### Work instruction:
Search through the entries for the word "only" and copy every line that has it.

Collected data
···
text \<open>By compactness of the unit sphere, a positive definite form is bounded below by a
  positive multiple of the squared norm.\<close>
lemma positive_definite_coercive:
  fixes \<xi> :: "'a::finite op"
  assumes "positive_definite \<xi>"
  obtains c where "c > 0" and "\<And>v. Re (qform UNIV \<xi> v) \<ge> c * (\<Sum>i\<in>UNIV. (cmod (v i))\<^sup>2)"
proof -
  define f where "f x = Re (qform UNIV \<xi> (\<lambda>i. x $ i))" for x :: "complex^'a"
  have "continuous_on (sphere 0 1) f"
    unfolding f_def qform_def by (intro continuous_intros)
  then obtain x0 where x0: "x0 \<in> sphere 0 1" and min: "\<And>y. y \<in> sphere 0 1 \<Longrightarrow> f x0 \<le> f y"
    using continuous_attains_inf[OF compact_sphere, of 0 1 f] by auto
  have "x0 \<noteq> 0" using x0 by auto
  then have "(\<lambda>i. x0 $ i) \<noteq> (\<lambda>_. 0)" by (metis vec_eq_iff zero_index)
  then have "f x0 > 0"
    using assms unfolding f_def positive_definite_def by blast
  moreover have "Re (qform UNIV \<xi> v) \<ge> f x0 * (\<Sum>i\<in>UNIV. (cmod (v i))\<^sup>2)" for v
  proof (cases "v = (\<lambda>_. 0)")
    case True
    then show ?thesis by (simp add: qform_def)
  next
    case False
    define x where "x = (\<chi> i. v i)"
    have norm_x: "(norm x)\<^sup>2 = (\<Sum>i\<in>UNIV. (cmod (v i))\<^sup>2)"
      unfolding x_def norm_vec_def L2_set_def by (simp add: sum_nonneg)
    have "x \<noteq> 0" using False unfolding x_def by (metis vec_eq_iff vec_lambda_beta zero_index ext)
    then have "norm x > 0" by simp
    define y where "y = (1 / norm x) *\<^sub>R x"
    have "y \<in> sphere 0 1" unfolding y_def using \<open>norm x > 0\<close> by simp
    then have "f x0 \<le> f y" by (rule min)
    also have "f y = (1 / norm x)\<^sup>2 * Re (qform UNIV \<xi> v)"
    proof -
      have "(\<lambda>i. y $ i) = (\<lambda>i. complex_of_real (1 / norm x) * v i)"
        unfolding y_def by (simp only: vector_scaleR_component) (simp add: x_def scaleR_conv_of_real)
      then show ?thesis unfolding f_def by (simp only: qform_scaleR) simp
    qed
    finally have "f x0 * (norm x)\<^sup>2 \<le> Re (qform UNIV \<xi> v)"
      using \<open>norm x > 0\<close> by (simp add: field_simps power2_eq_square)
    then show ?thesis using norm_x by simp
  qed
  ultimately show ?thesis by (rule that)
qed
definition binomial_cdf :: "real \<Rightarrow> nat \<Rightarrow> nat \<Rightarrow> real" where
  "binomial_cdf p N i = (\<Sum>k\<le>i. binomial_term p N k)"

definition ax_index :: "real \<Rightarrow> nat \<Rightarrow> nat" where
  "ax_index p n = nat \<lfloor>p * real n - eps n\<rfloor>"

lemma binomial_term_nonneg: "0 \<le> p \<Longrightarrow> p \<le> 1 \<Longrightarrow> 0 \<le> binomial_term p N k"
  by (simp add: binomial_term_def)

lemma binomial_term_Suc_Suc:
  "binomial_term p (Suc N) (Suc i) = p * binomial_term p N i + (1 - p) * binomial_term p N (Suc i)"
proof (cases "i < N")
  case True
  then have "N - i = Suc (N - Suc i)" by simp
  then show ?thesis unfolding binomial_term_def by (simp add: algebra_simps)
next
  case False
  then show ?thesis unfolding binomial_term_def by (simp add: algebra_simps)
qed

lemma binomial_cdf_Suc: "binomial_cdf p (Suc N) i = binomial_cdf p N i - p * binomial_term p N i"
  unfolding binomial_cdf_def
proof (induction i)
  case 0
  then show ?case by (simp add: binomial_term_def algebra_simps)
next
  case (Suc i)
  then show ?case using binomial_term_Suc_Suc[of p N i] by (simp add: algebra_simps)
qed

lemma binomial_cdf_eq_1: assumes "N \<le> i" shows "binomial_cdf p N i = 1"
proof -
  have "binomial_cdf p N i = (\<Sum>k\<le>N. binomial_term p N k)"
    unfolding binomial_cdf_def using assms
    by (intro sum.mono_neutral_right) (auto simp: binomial_term_def)
  also have "\<dots> = (p + (1 - p)) ^ N" unfolding binomial_term_def binomial_ring by simp
  finally show ?thesis by simp
qed

lemma binomial_cdf_nonneg: "0 \<le> p \<Longrightarrow> p \<le> 1 \<Longrightarrow> 0 \<le> binomial_cdf p N i"
  unfolding binomial_cdf_def by (intro sum_nonneg binomial_term_nonneg)

lemma binomial_cdf_mono: "0 \<le> p \<Longrightarrow> p \<le> 1 \<Longrightarrow> i \<le> j \<Longrightarrow> binomial_cdf p N i \<le> binomial_cdf p N j"
  unfolding binomial_cdf_def by (intro sum_mono2) (auto intro: binomial_term_nonneg)

lemma mult_wgt_eq_binomial_tail: "p * wgt p n i = 1 - binomial_cdf p (Suc n) i"
proof (induction n)
  case 0
  then show ?case
    using binomial_cdf_eq_1[of 1 i p]
    by (cases i) (simp_all add: wgt_def binomial_cdf_def binomial_term_def)
next
  case (Suc n)
  have "p * wgt p (Suc n) i = p * wgt p n i + p * binomial_term p (Suc n) i"
    unfolding wgt_def binomial_term_def by (simp add: sum.cl_ivl_Suc algebra_simps)
  then show ?case using Suc binomial_cdf_Suc[of p "Suc n" i] by simp
qed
···
### Written solution:
        unfolding y_def by (simp only: vector_scaleR_component) (simp add: x_def scaleR_conv_of_real)
      then show ?thesis unfolding f_def by (simp only: qform_scaleR) simp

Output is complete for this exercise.